When a publisher steals your content:

If someone is using your content without permission and is running AdSense on that content, you can file a DMCA with Google [google.com]. You can also use this to see those pages removed from the regular Google index.

You need to follow all instructions they give you, for it to be considered a legal DMCA notice, then send an email to the AdSense team at adsense-support@google.com. Once this is done, Google will investigate remove the pages from the index (usually takes about ten days once they have received it), and will either warn or suspend the publisher. They will also send a copy of the notice to Chilling Effects [chillingeffects.org].

When you are the one publishing the infringed content:

I don't know how many people file DMCA requests, rather than going the "cease and desist" route, but if you are stealing content from someone, consider yourself warned. Victims of copyright infringement may be more likely to react when they see you making a profit off of their content without permission.

If Google receives a DMCA filing with URLs you are running AdSense on, they can (and have done so) suspended publishers from the AdSense program. The very least they will do is place a block, either on those specific pages or that entire domain, to prevent AdSense from showing on those pages, even if the AdSense script is present. They may also suspend the account until the infringing content has been removed. And yes, they have suspended publishers for copyright infringement when a DMCA has been filed.

When you have been falsely accused of copyright infringement as an AdSense publisher:

You do have options. You can file a Counter Notice [google.com] and then contact the AdSense team once you have done so.

I suspect that this must be something the AdSense team is asked about frequently, since it has been included in the FAQ. Many publishers and non-publishers have been anxious to see something spelled out more clearly about publishers who steal content for their own AdSense profit. But it hasn't been clear exactly what to do when the victims wanted to make sure AdSense was aware that

I am wondering how they choose to enforce this - will it be a standard suspension for any infringers - or will there be varying levels of "punishment" depending on who the publisher is and perhaps by how much money each generates.
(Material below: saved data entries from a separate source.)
(* For any integer $n \ge 2$, any integer $K \ge 1$, and any $L,\mu,\nu > 0$ with $\kappa := L/\mu \ge 4$, there exist a $4$-dimensional function $F \in \mathcal{F}(L,\mu,0,\nu)$ (with $n$ components) and an initialization point $\mathbf{x}_0$ such that for any permutation-based SGD (i.e. for any choice of permutations $\sigma_1,\dots,\sigma_K$) with any constant step size $\eta > 0$ started at $\mathbf{x}_0^1 = \mathbf{x}_0$, and any nonnegative weights $\alpha_1,\dots,\alpha_{K+1}$ (not all zero), the weighted average iterate $\hat{\mathbf{x}} = \frac{\sum_{k=1}^{K+1}\alpha_k\mathbf{x}_0^k}{\sum_{k=1}^{K+1}\alpha_k}$ satisfies $$F(\hat{\mathbf{x}}) - F^* = \Omega\left(\frac{L\nu^2}{\mu^2n^2K^2}\right).$$
   Context: Finite-sum problem: $F(\mathbf{x}) = \frac1n\sum_{i=1}^n f_i(\mathbf{x})$ on $\mathbb{R}^d$, $F^* = \inf F$. $\mathcal{F}(L,\mu,\tau,\nu)$: all such $F$ with each $f_i$ $L$-smooth (i.e. $\|\nabla f_i(\mathbf{x})-\nabla f_i(\mathbf{y})\|\le L\|\mathbf{x}-\mathbf{y}\|$) and convex, $F$ $\mu$-strongly convex, and $\|\nabla f_i(\mathbf{x}) - \nabla F(\mathbf{x})\| \le \tau\|\nabla F(\mathbf{x})\| + \nu$ for all $i,\mathbf{x}$. Permutation-based SGD with constant step size $\eta$: at the start of each epoch $k = 1,\dots,K$ a permutation $\sigma_k$ of $[n]$ is chosen by an arbitrary rule (possibly depending on all past information), and $\mathbf{x}_i^k = \mathbf{x}_{i-1}^k - \eta\nabla f_{\sigma_k(i)}(\mathbf{x}_{i-1}^k)$ for $i = 1,\dots,n$, $\mathbf{x}_0^{k+1} = \mathbf{x}_n^k$. $\Omega(g)$ means at least a universal positive constant times $g$ (independent of $n,K,L,\mu,\nu,\eta$, the permutations and the weights). *)

theory Defs
  imports "HOL-Analysis.Analysis" "HOL-Combinatorics.Permutations"
begin

text \<open>Components are indexed by 0..n-1; the component functions f i live on real^4 in the
  theorem, and g i is their gradient (tied to f i by has_derivative in the class predicate).\<close>

definition fs_obj :: "nat \<Rightarrow> (nat \<Rightarrow> 'a::real_normed_vector \<Rightarrow> real) \<Rightarrow> 'a \<Rightarrow> real" where
  "fs_obj n f x = (1 / real n) * (\<Sum>i<n. f i x)"

definition fs_grad :: "nat \<Rightarrow> (nat \<Rightarrow> 'a::real_normed_vector \<Rightarrow> 'a) \<Rightarrow> 'a \<Rightarrow> 'a" where
  "fs_grad n g x = (1 / real n) *\<^sub>R (\<Sum>i<n. g i x)"

definition strongly_convex :: "real \<Rightarrow> ('a::real_normed_vector \<Rightarrow> real) \<Rightarrow> bool" where
  "strongly_convex \<mu> F \<longleftrightarrow>
     (\<forall>x y t. 0 \<le> t \<and> t \<le> 1 \<longrightarrow>
        F ((1 - t) *\<^sub>R x + t *\<^sub>R y) \<le> (1 - t) * F x + t * F y - \<mu> / 2 * t * (1 - t) * (norm (x - y))\<^sup>2)"
(* Let $\rho,\sigma,\omega\in\mathcal{S}(\mathbb{C}^2)$ be qubit states each of which is orthogonal to $\sigma_z$ in the Hilbert–Schmidt sense (i.e. $\mathrm{tr}[\rho\sigma_z]=\mathrm{tr}[\sigma\sigma_z]=\mathrm{tr}[\omega\sigma_z]=0$). Then $$d^2_{z,2}(\rho,\sigma)+d^2_{z,2}(\sigma,\omega)\ge d^2_{z,2}(\rho,\omega).$$
   Context: Qubit setting: $\mathcal{H}=\mathbb{C}^2$, $\mathcal{H}^*$ is identified with $\mathbb{C}^2$ via the dual basis, and $A^T$ is the usual matrix transpose; operators on $\mathcal{H}\otimes\mathcal{H}^*$ are $4\times4$ matrices in the basis $e_1\otimes e_1^*,e_1\otimes e_2^*,e_2\otimes e_1^*,e_2\otimes e_2^*$. $\sigma_z=\begin{pmatrix}1&0\\0&-1\end{pmatrix}$. The set of couplings of states $\rho,\omega$ is $\mathcal{C}(\rho,\omega)=\{\Pi\in\mathcal{S}(\mathcal{H}\otimes\mathcal{H}^* ):\mathrm{tr}_{\mathcal{H}^*}[\Pi]=\omega,\ \mathrm{tr}_{\mathcal{H}}[\Pi]=\rho^T\}$. $C_{z,2}=(\sigma_z\otimes I^T-I\otimes\sigma_z^T)^2=\mathrm{diag}(0,4,4,0)$, $D^2_{z,2}(\rho,\omega)=\min_{\Pi\in\mathcal{C}(\rho,\omega)}\mathrm{tr}[\Pi C_{z,2}]$, and $d_{z,2}(\rho,\omega)=\big(D^2_{z,2}(\rho,\omega)-\tfrac12(D^2_{z,2}(\rho,\rho)+D^2_{z,2}(\omega,\omega))\big)^{1/2}$. The claim is the triangle inequality for the squared quantity $d^2_{z,2}$. *)

theory Defs
  imports "HOL-Analysis.Analysis"
begin

(* Operators on a finite-dimensional Hilbert space with index type 'n are
   matrices complex^'n^'n (row index first).  The qubit space C^2 uses index
   type 2; operators on H (x) H^* use the index type 2 \<times> 2, where the pair
   (i,j) stands for the basis vector e_i (x) e_j^*. *)

definition mtrace :: "complex^'n^'n \<Rightarrow> complex" where
  "mtrace A = (\<Sum>i\<in>UNIV. A $ i $ i)"

definition adjointm :: "complex^'n^'n \<Rightarrow> complex^'n^'n" where
  "adjointm A = (\<chi> i j. cnj (A $ j $ i))"

definition qform :: "complex^'n^'n \<Rightarrow> complex^'n \<Rightarrow> complex" where
  "qform A v = (\<Sum>i\<in>UNIV. \<Sum>j\<in>UNIV. cnj (v $ i) * A $ i $ j * v $ j)"

definition psd :: "complex^'n^'n \<Rightarrow> bool" where
  "psd A \<longleftrightarrow> A = adjointm A \<and> (\<forall>v. qform A v \<in> \<real> \<and> 0 \<le> Re (qform A v))"

definition is_state :: "complex^'n^'n \<Rightarrow> bool" where
  "is_state A \<longleftrightarrow> psd A \<and> mtrace A = 1"

definition kron :: "complex^'a^'a \<Rightarrow> complex^'b^'b \<Rightarrow> complex^('a::finite\<times>'b::finite)^('a\<times>'b)" where
  "kron A B = (\<chi> p q. A $ fst p $ fst q * B $ snd p $ snd q)"

definition ptrace_dual :: "complex^('a::finite\<times>'b::finite)^('a\<times>'b) \<Rightarrow> complex^'a^'a" where
  "ptrace_dual P = (\<chi> i k. \<Sum>j\<in>UNIV. P $ (i, j) $ (k, j))"

definition ptrace_H :: "complex^('a::finite\<times>'b::finite)^('a\<times>'b) \<Rightarrow> complex^'b^'b" where
  "ptrace_H P = (\<chi> j l. \<Sum>i\<in>UNIV. P $ (i, j) $ (i, l))"

definition sigma_z :: "complex^2^2" where
  "sigma_z = (\<chi> i j. if i = j then (if i = 1 then 1 else -1) else 0)"

definition couplings :: "complex^2^2 \<Rightarrow> complex^2^2 \<Rightarrow> (complex^(2\<times>2)^(2\<times>2)) set" where
  "couplings \<rho> \<omega> = {P. is_state P \<and> ptrace_dual P = \<omega> \<and> ptrace_H P = transpose \<rho>}"

definition C_z2 :: "complex^(2\<times>2)^(2\<times>2)" where
  "C_z2 = (let X = kron sigma_z (transpose (mat 1)) - kron (mat 1) (transpose sigma_z) in X ** X)"

(* D^2_{z,2}(rho,omega) = min over couplings of tr[Pi C]; the minimum exists
   (nonempty compact set, continuous cost), so it equals the infimum *)
definition D2_z2 :: "complex^2^2 \<Rightarrow> complex^2^2 \<Rightarrow> real" where
  "D2_z2 \<rho> \<omega> = Inf ((\<lambda>P. Re (mtrace (P ** C_z2))) ` couplings \<rho> \<omega>)"

definition d2_z2 :: "complex^2^2 \<Rightarrow> complex^2^2 \<Rightarrow> real" where
  "d2_z2 \<rho> \<omega> = D2_z2 \<rho> \<omega> - (D2_z2 \<rho> \<rho> + D2_z2 \<omega> \<omega>) / 2"
(* Let $A,B\in \mathbb{R}^{m\times n}$ with $m<n$ and $b\in \mathbb{R}^m$. If the equation $Ax-B|x|=b$ has a solution with more than $m$ nonzero entries, then it has infinitely many solutions with the same sign pattern as that known solution.
   Context: $|x|$ is the entrywise absolute value. Two vectors have the same sign pattern if their entrywise signs (in $\{-1,0,1\}$) agree. *)

theory Defs
  imports "HOL-Analysis.Analysis"
begin

definition vabs :: "real ^ 'n \<Rightarrow> real ^ 'n" where
  "vabs x = (\<chi> i. \<bar>x $ i\<bar>)"

definition same_sign_pattern :: "real ^ 'n \<Rightarrow> real ^ 'n \<Rightarrow> bool" where
  "same_sign_pattern x y \<longleftrightarrow> (\<forall>i. sgn (x $ i) = sgn (y $ i))"

end

theory Submission
  imports Defs
begin

text \<open>On the vectors sharing the sign pattern of \<open>x0\<close>, \<open>\<bar>x\<bar> = s * x\<close> with
  \<open>s = sgn x0\<close> entrywise, so there the equation reads \<open>L x = b\<close> for the linear map
  \<open>L x = A x - B (s * x)\<close>. Restricted to the coordinate subspace of the support of \<open>x0\<close>, which has
  dimension greater than \<open>m\<close>, \<open>L\<close> has a nonzero kernel vector \<open>v\<close>. Moving from \<open>x0\<close> along \<open>v\<close>
  by a small \<open>t > 0\<close> changes no sign, hence every \<open>x0 + t v\<close> is again a solution.\<close>

lemma linear_kernel_meets_coordinate_subspace:
  fixes f :: "real ^ 'n \<Rightarrow> real ^ 'm"
  assumes "linear f" and "card S > CARD('m)"
  shows "\<exists>v. v \<noteq> 0 \<and> (\<forall>j. j \<notin> S \<longrightarrow> v $ j = 0) \<and> f v = 0"
proof -
  define U where "U = {v :: real ^ 'n. \<forall>j. j \<notin> S \<longrightarrow> v $ j = 0}"
  have "subspace U"
    by (auto simp: U_def subspace_def)
  have "\<not> inj_on f U"
  proof
    assume "inj_on f U"
    then have "dim (f ` U) = dim U"
      using \<open>linear f\<close> \<open>subspace U\<close> by (metis dim_image_eq span_eq_iff)
    also have "dim U = card S"
      unfolding U_def dim_vec_eq[symmetric] by (rule dim_substandard_cart)
    finally show False
      using dim_subset_UNIV_cart[of "f ` U"] assms(2) by simp
  qed
  then obtain u w where "u \<in> U" "w \<in> U" "u \<noteq> w" "f u = f w"
    by (auto simp: inj_on_def)
  then show ?thesis
    by (intro exI[of _ "u - w"]) (auto simp: U_def linear_diff[OF \<open>linear f\<close>])
qed

lemma sgn_add_small:
  fixes a e :: real
  assumes "\<bar>e\<bar> < \<bar>a\<bar>"
  shows "sgn (a + e) = sgn a"
  using assms by (simp add: sgn_if abs_if split: if_splits)

lemma eventually_same_sign_pattern_along:
  fixes x0 v :: "real ^ 'n"
  assumes "\<forall>j. x0 $ j = 0 \<longrightarrow> v $ j = 0"
  shows "\<forall>\<^sub>F t in at 0. same_sign_pattern (x0 + t *\<^sub>R v) x0"
proof -
  have "\<forall>\<^sub>F t in at 0. sgn (x0 $ j + t * v $ j) = sgn (x0 $ j)" for j
  proof (cases "x0 $ j = 0")
    case False
    have "((\<lambda>t. \<bar>t * v $ j\<bar>) \<longlongrightarrow> 0) (at (0::real))"
      by (intro tendsto_eq_intros) auto
    then have "\<forall>\<^sub>F t in at 0. \<bar>t * v $ j\<bar> < \<bar>x0 $ j\<bar>"
      using False by (intro order_tendstoD) auto
    then show ?thesis
      by eventually_elim (rule sgn_add_small)
  qed (use assms in simp)
  then show ?thesis
    unfolding same_sign_pattern_def by (simp add: eventually_all_finite)
qed

lemma vabs_same_sign_pattern:
  assumes "same_sign_pattern x x0"
  shows "vabs x = (\<chi> j. sgn (x0 $ j)) * x"
  using assms unfolding same_sign_pattern_def vabs_def
  by (simp add: vec_eq_iff abs_sgn)

theorem corollary3p2:
  fixes A B :: "real ^ 'n ^ 'm" and b :: "real ^ 'm" and x0 :: "real ^ 'n"
  assumes "CARD('m) < CARD('n)"
    and "A *v x0 - B *v vabs x0 = b"
    and "card {i. x0 $ i \<noteq> 0} > CARD('m)"
  shows "infinite {x. A *v x - B *v vabs x = b \<and> same_sign_pattern x x0}"
proof -
  \<comment> \<open>The hypothesis \<open>CARD('m) < CARD('n)\<close> is implied by the last one and not needed.\<close>
  define L where "L v = A *v v - B *v ((\<chi> j. sgn (x0 $ j)) * v)" for v
  have "linear L"
    unfolding L_def
    by (intro linearI) (simp_all add: vec_eq_iff algebra_simps matrix_vector_right_distrib)
  obtain v where "v \<noteq> 0" and v_supp: "\<forall>j. x0 $ j = 0 \<longrightarrow> v $ j = 0" and "L v = 0"
    using linear_kernel_meets_coordinate_subspace[OF \<open>linear L\<close> assms(3)] by auto
  obtain \<epsilon> where "\<epsilon> > 0"
    and same_sign: "\<And>t. 0 < t \<Longrightarrow> t < \<epsilon> \<Longrightarrow> same_sign_pattern (x0 + t *\<^sub>R v) x0"
    using eventually_same_sign_pattern_along[OF v_supp]
    by (auto simp: eventually_at_split eventually_at_right_field)
  have solution: "x0 + t *\<^sub>R v \<in> {x. A *v x - B *v vabs x = b \<and> same_sign_pattern x x0}"
    if "0 < t" "t < \<epsilon>" for t
  proof -
    have "A *v (x0 + t *\<^sub>R v) - B *v vabs (x0 + t *\<^sub>R v) = L (x0 + t *\<^sub>R v)"
      using same_sign[OF that] by (simp add: L_def vabs_same_sign_pattern)
    also have "\<dots> = L x0"
      using \<open>L v = 0\<close> by (simp add: linear_add[OF \<open>linear L\<close>] linear_scale[OF \<open>linear L\<close>])
    also have "\<dots> = b"
      using assms(2) vabs_same_sign_pattern[of x0 x0] by (simp add: L_def same_sign_pattern_def)
    finally show ?thesis
      using same_sign[OF that] by simp
  qed
  have "inj_on (\<lambda>t. x0 + t *\<^sub>R v) {0<..<\<epsilon>}"
    using \<open>v \<noteq> 0\<close> by (auto simp: inj_on_def)
  then have "infinite ((\<lambda>t. x0 + t *\<^sub>R v) ` {0<..<\<epsilon>})"
    using \<open>\<epsilon> > 0\<close> by (metis finite_imageD infinite_Ioo)
  then show ?thesis
    using solution by (elim infinite_super[rotated]) auto
qed

end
And things could heat up if they plan to apply this to publishers who take only partial content (a paragraph or two) from a variety of sources and place it on a single page. Will just one person filing a DMCA for a couple of paragraphs being placed on a site be enough to suspend the publisher's account? Or could it fall under "fair use".

This fits in nicely with the People using my content to make Adsense money: Is this Evil? [webmasterworld.com] discussion over the last few days.

You can also read the copyright infringement in the AdSense FAQ here:

9:29 am on July 5, 2004 (gmt 0)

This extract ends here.